Вдруг Руслан обернулся ко мне, и я закричала, так громко, что голос сорвался. Руслан оставался на месте, не двигался, только смотрел на меня, и я видела, как его руки сжались в кулаки. Я сделала шаг в его сторону, но меня дальше не пустили, дуло пистолета сильнее впилось в мой затылок.

– Не дергайся, сука, пристрелю.

Я услышала голос Камрана.

– Отдавай приказ, Бешеный, я жду. Отдашь приказ, тогда ее отпустят. Давай, звони. Отъедут составы, и получишь свою девку в целости и сохранности. Только без лишних телодвижений, а то ее мозги разлетятся на несколько метров.

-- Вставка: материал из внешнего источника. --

(* Let $\gamma:[0,1]\to\mathbb{R}^2$ be a $C^1$ curve of constant speed $c>0$ with $\gamma(0)\neq\gamma(1)$, whose turning angle function $\theta$ satisfies $\theta(1)-\theta(0)=2\pi m$ with $0\neq m\in\mathbb{Z}$. Let $\sigma$ be a permutation of $\{1,2,3\}$. Then $\gamma$ is $(3,1)$-rearrangeable with respect to $\sigma$ if and only if $\sigma$ is a transposition.
   Context: A turning angle function is a continuous $\theta$ with $\gamma'(s)=c(\cos\theta(s),\sin\theta(s))$. Concatenation $\alpha*\beta$ of two $C^1$ planar curves of the same constant speed ($\alpha$ on $[a_1,b_1]$, $\beta$ on $[a_2,b_2]$) is the curve equal to $\alpha(s+a_1)$ for $s\le b_1-a_1$ and to $T(\beta(s-(b_1-a_1)+a_2))$ afterwards, where $T$ is the orientation-preserving rigid motion sending $\beta(a_2)$ to $\alpha(b_1)$ and the unit tangent of $\beta$ at $a_2$ to that of $\alpha$ at $b_1$; it is associative. For cuts $0\le c_1\le c_2\le 1$ let $\gamma_1,\gamma_2,\gamma_3$ be the restrictions of $\gamma$ to $[0,c_1],[c_1,c_2],[c_2,1]$ (degenerate arcs are points carrying the tangent direction of $\gamma$), and for $\sigma\in S_3$ let $r_{\sigma,C}:=\gamma_{\sigma(1)}*\gamma_{\sigma(2)}*\gamma_{\sigma(3)}$ over $[0,1]$. $\gamma$ is $(3,1)$-rearrangeable with respect to $\sigma$ if there exist such cuts $C=(c_1,c_2)$ with $r_{\sigma,C}$ a closed $C^1$ curve (end point equals start point and the tangents there agree). *)

theory Defs
  imports "HOL-Analysis.Analysis" "HOL-Combinatorics.Transposition" "HOL-Combinatorics.Permutations"
begin

text \<open>Planar curves are modelled as maps into the complex plane (= R^2).
An arc is a tuple (f, f', a, b): the curve f on the parameter interval [a,b]
together with its tangent (velocity) field f'.  A degenerate arc (a = b) is a
point carrying a tangent direction.\<close>

type_synonym arc = "(real \<Rightarrow> complex) \<times> (real \<Rightarrow> complex) \<times> real \<times> real"

text \<open>The orientation-preserving rigid motion T is
z \<mapsto> alpha(b1) + u (z - beta(a2)) where the unit complex number u rotates the
unit tangent of beta at a2 onto the unit tangent of alpha at b1.\<close>

definition concat_arc :: "arc \<Rightarrow> arc \<Rightarrow> arc" where
  "concat_arc A B =
    (case A of (f, f', a1, b1) \<Rightarrow> case B of (g, g', a2, b2) \<Rightarrow>
      (let u = sgn (f' b1) / sgn (g' a2);
           T = (\<lambda>z. f b1 + u * (z - g a2))
       in ((\<lambda>s. if s \<le> b1 - a1 then f (s + a1) else T (g (s - (b1 - a1) + a2))),
           (\<lambda>s. if s \<le> b1 - a1 then f' (s + a1) else u * g' (s - (b1 - a1) + a2)),
           0, (b1 - a1) + (b2 - a2))))"

definition tangent01 :: "(real \<Rightarrow> complex) \<Rightarrow> real \<Rightarrow> complex" where
  "tangent01 \<gamma> s = vector_derivative \<gamma> (at s within {0..1})"

definition piece :: "(real \<Rightarrow> complex) \<Rightarrow> real \<Rightarrow> real \<Rightarrow> nat \<Rightarrow> arc" where
  "piece \<gamma> c1 c2 i =
     (if i = 1 then (\<gamma>, tangent01 \<gamma>, 0, c1)
      else if i = 2 then (\<gamma>, tangent01 \<gamma>, c1, c2)
      else (\<gamma>, tangent01 \<gamma>, c2, 1))"

definition rearr :: "(real \<Rightarrow> complex) \<Rightarrow> (nat \<Rightarrow> nat) \<Rightarrow> real \<Rightarrow> real \<Rightarrow> arc" where
  "rearr \<gamma> \<sigma> c1 c2 =
     concat_arc (concat_arc (piece \<gamma> c1 c2 (\<sigma> 1)) (piece \<gamma> c1 c2 (\<sigma> 2)))
                (piece \<gamma> c1 c2 (\<sigma> 3))"

definition closed_C1_arc :: "arc \<Rightarrow> bool" where
  "closed_C1_arc A = (case A of (h, h', a, b) \<Rightarrow> h 0 = h 1 \<and> sgn (h' 0) = sgn (h' 1))"

definition rearrangeable_3_1 :: "(real \<Rightarrow> complex) \<Rightarrow> (nat \<Rightarrow> nat) \<Rightarrow> bool" where
  "rearrangeable_3_1 \<gamma> \<sigma> =
     (\<exists>c1 c2. 0 \<le> c1 \<and> c1 \<le> c2 \<and> c2 \<le> 1 \<and> closed_C1_arc (rearr \<gamma> \<sigma> c1 c2))"

definition is_transposition3 :: "(nat \<Rightarrow> nat) \<Rightarrow> bool" where
  "is_transposition3 \<sigma> =
     (\<exists>a b. a \<in> {1,2,3} \<and> b \<in> {1,2,3} \<and> a \<noteq> b \<and> \<sigma> = Transposition.transpose a b)"

end

theory Submission
  imports Defs
begin

text \<open>Whatever sigma and the cuts, the tangent of r_{sigma,C} turns in total by
  theta(1) - theta(0), a multiple of 2 pi, so it always closes up, and r_{sigma,C} is closed iff
  its closing gap (end point minus start point) vanishes. For the identity and the two 3-cycles
  the rotations of the rigid motions cancel and the gap is the constant gamma(1) - gamma(0), which
  is nonzero. For a transposition the gap is a continuous function on the triangle of cuts
  0 <= c1 <= c2 <= 1; on two of its edges it equals gamma(1) - gamma(0), while along the third
  its argument changes by +-(theta(1) - theta(0)) = +-2 pi m, which is nonzero. A nowhere
  vanishing function on the contractible triangle has a continuous logarithm, so the argument
  changes along two edges would add up to the change along the third; hence the gap has a zero.\<close>

lemma exp_eq_imp_diff_const:
  fixes f g :: "'a::topological_space \<Rightarrow> complex"
  assumes S: "connected S" and f: "continuous_on S f" and g: "continuous_on S g"
    and exp_fg: "\<And>x. x \<in> S \<Longrightarrow> exp (f x) = exp (g x)" and "a \<in> S" "b \<in> S"
  shows "f a - g a = f b - g b"
proof -
  have multiple: "\<exists>n::int. f x - g x = of_int n * (2 * pi * \<i>)" if x: "x \<in> S" for x
  proof -
    obtain n :: int where "f x = g x + of_real (of_int (2 * n) * pi) * \<i>"
      using exp_fg[OF x] exp_eq by blast
    then show ?thesis by (intro exI[of _ n]) (simp add: algebra_simps)
  qed
  have "(\<lambda>x. f x - g x) constant_on S"
  proof (rule continuous_discrete_range_constant[OF S])
    show "continuous_on S (\<lambda>x. f x - g x)" using f g by (intro continuous_intros)
    fix x assume "x \<in> S"
    then obtain n where n: "f x - g x = of_int n * (2 * pi * \<i>)" using multiple by blast
    have "2 * pi \<le> norm ((f y - g y) - (f x - g x))" if "y \<in> S" "f y - g y \<noteq> f x - g x" for y
    proof -
      obtain k where k: "f y - g y = of_int k * (2 * pi * \<i>)" using multiple \<open>y \<in> S\<close> by blast
      with n that have "k \<noteq> n" by auto
      then have "1 \<le> \<bar>real_of_int (k - n)\<bar>" by linarith
      then have "2 * pi * 1 \<le> 2 * pi * \<bar>real_of_int (k - n)\<bar>" by (intro mult_left_mono) auto
      also have "\<dots> = norm ((f y - g y) - (f x - g x))"
        by (simp add: k n norm_mult flip: left_diff_distrib of_int_diff)
      finally show ?thesis by simp
    qed
    then show "\<exists>e>0. \<forall>y. y \<in> S \<and> f y - g y \<noteq> f x - g x \<longrightarrow>
        e \<le> norm ((f y - g y) - (f x - g x))"
      by (intro exI[of _ "2 * pi"]) auto
  qed
  then show ?thesis using assms(5,6) by (auto simp: constant_on_def)
qed

lemma exp_eq_cis_imp_diff:
  fixes g :: "real \<Rightarrow> complex" and \<phi> :: "real \<Rightarrow> real"
  assumes "a \<le> b" "continuous_on {a..b} g" "continuous_on {a..b} \<phi>" "D \<noteq> 0"
    and "\<And>t. t \<in> {a..b} \<Longrightarrow> exp (g t) = cis (\<phi> t) * D"
  shows "g b - g a = \<i> * of_real (\<phi> b - \<phi> a)"
proof -
  have "g a - (\<i> * of_real (\<phi> a) + Ln D) = g b - (\<i> * of_real (\<phi> b) + Ln D)"
  proof (rule exp_eq_imp_diff_const[of "{a..b}"])
    show "continuous_on {a..b} (\<lambda>t. \<i> * of_real (\<phi> t) + Ln D)"
      using assms(3) by (intro continuous_intros)
  qed (use assms in \<open>auto simp: exp_add cis_conv_exp\<close>)
  then show ?thesis by (simp add: algebra_simps)
qed

text \<open>A continuous logarithm of F exists on the contractible set, and along each path it
  changes by i times the change of the argument.\<close>

lemma arg_changes_add_on_contractible:
  fixes F :: "'a::real_normed_vector \<Rightarrow> complex" and \<phi> \<psi> \<omega> :: "real \<Rightarrow> real"
  assumes S: "contractible S" "continuous_on S F" "\<And>x. x \<in> S \<Longrightarrow> F x \<noteq> 0" and "D \<noteq> 0"
    and paths: "path p" "path q" "path r" "path_image p \<subseteq> S" "path_image q \<subseteq> S" "path_image r \<subseteq> S"
    and ends: "pathfinish p = pathstart q" "pathstart r = pathstart p" "pathfinish r = pathfinish q"
    and args: "continuous_on {0..1} \<phi>" "continuous_on {0..1} \<psi>" "continuous_on {0..1} \<omega>"
    and "\<And>t. t \<in> {0..1} \<Longrightarrow> F (p t) = cis (\<phi> t) * D"
        "\<And>t. t \<in> {0..1} \<Longrightarrow> F (q t) = cis (\<psi> t) * D"
        "\<And>t. t \<in> {0..1} \<Longrightarrow> F (r t) = cis (\<omega> t) * D"
  shows "(\<phi> 1 - \<phi> 0) + (\<psi> 1 - \<psi> 0) = \<omega> 1 - \<omega> 0"
proof -
  obtain L where L: "continuous_on S L" "\<And>x. x \<in> S \<Longrightarrow> F x = exp (L x)"
    using continuous_logarithm_on_contractible S by metis
  have log_change: "L (pathfinish g) - L (pathstart g) = \<i> * of_real (\<alpha> 1 - \<alpha> 0)"
    if "path g" "path_image g \<subseteq> S" "continuous_on {0..1} \<alpha>"
      and F_g: "\<And>t. t \<in> {0..1} \<Longrightarrow> F (g t) = cis (\<alpha> t) * D" for g \<alpha>
  proof -
    have "(L \<circ> g) 1 - (L \<circ> g) 0 = \<i> * of_real (\<alpha> 1 - \<alpha> 0)"
    proof (rule exp_eq_cis_imp_diff)
      show "continuous_on {0..1} (L \<circ> g)"
        using that(1,2) L(1) unfolding path_def path_image_def by (metis continuous_on_compose continuous_on_subset)
      show "exp ((L \<circ> g) t) = cis (\<alpha> t) * D" if "t \<in> {0..1}" for t
      proof -
        have "g t \<in> S" using \<open>path_image g \<subseteq> S\<close> that by (auto simp: path_image_def)
        then show ?thesis using L(2) F_g[OF that] by (metis comp_apply)
      qed
    qed (use that \<open>D \<noteq> 0\<close> in auto)
    then show ?thesis by (simp add: pathstart_def pathfinish_def)
  qed
  have "\<i> * of_real (\<omega> 1 - \<omega> 0) = L (pathfinish r) - L (pathstart r)"
    using log_change[of r \<omega>] assms by simp
  also have "\<dots> = (L (pathfinish p) - L (pathstart p)) + (L (pathfinish q) - L (pathstart q))"
    using ends by simp
  also have "\<dots> = \<i> * of_real ((\<phi> 1 - \<phi> 0) + (\<psi> 1 - \<psi> 0))"
    using log_change[of p \<phi>] log_change[of q \<psi>] assms by (simp add: distrib_left)
  finally show ?thesis by (metis mult_cancel_left complex_i_not_zero of_real_eq_iff)
qed

lemma sgn_mult_unit: "norm (u :: complex) = 1 \<Longrightarrow> sgn (u * z) = u * sgn z"
  by (simp add: sgn_div_norm norm_mult)

lemma concat_arc_endpoints:
  fixes f f' g g' :: "real \<Rightarrow> complex"
  assumes "a1 \<le> b1" "a2 \<le> b2" "f' b1 \<noteq> 0" "g' a2 \<noteq> 0"
  defines "u \<equiv> sgn (f' b1) / sgn (g' a2)" and "l \<equiv> (b1 - a1) + (b2 - a2)"
  obtains F F' where "concat_arc (f, f', a1, b1) (g, g', a2, b2) = (F, F', 0, l)"
    and "F 0 = f a1" "F' 0 = f' a1"
    and "F l = f b1 + u * (g b2 - g a2)" "sgn (F' l) = u * sgn (g' b2)"
proof
  let ?F = "\<lambda>s. if s \<le> b1 - a1 then f (s + a1) else f b1 + u * (g (s - (b1 - a1) + a2) - g a2)"
  let ?F' = "\<lambda>s. if s \<le> b1 - a1 then f' (s + a1) else u * g' (s - (b1 - a1) + a2)"
  show "concat_arc (f, f', a1, b1) (g, g', a2, b2) = (?F, ?F', 0, l)"
    unfolding u_def l_def by (simp add: concat_arc_def Let_def)
  show "?F 0 = f a1" "?F' 0 = f' a1" "?F l = f b1 + u * (g b2 - g a2)"
    using assms(1,2) by (auto simp: l_def)
  have "norm u = 1" using assms(3,4) by (simp add: u_def norm_divide norm_sgn)
  show "sgn (?F' l) = u * sgn (g' b2)"
  proof (cases "a2 = b2")
    case True
    then show ?thesis using assms(1,3,4) by (simp add: l_def u_def sgn_zero_iff)
  next
    case False
    then show ?thesis using \<open>norm u = 1\<close> assms(1,2) by (simp add: l_def sgn_mult_unit)
  qed
qed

Руслан снова посмотрел на меня, а потом медленно повернулся к Нармузинову.

– Пусть она сначала сядет в мою машину.

– Ты не шути со мной, мальчик… я сказал, что сначала ты отдашь приказ.

– Я похож на шутника, Азиат? Чего тебе бояться? Она тебе больше не нужна. Я здесь, под дулами твоих братков, так что я никуда не денусь. Давай, отпусти ее. И я позвоню, кому надо.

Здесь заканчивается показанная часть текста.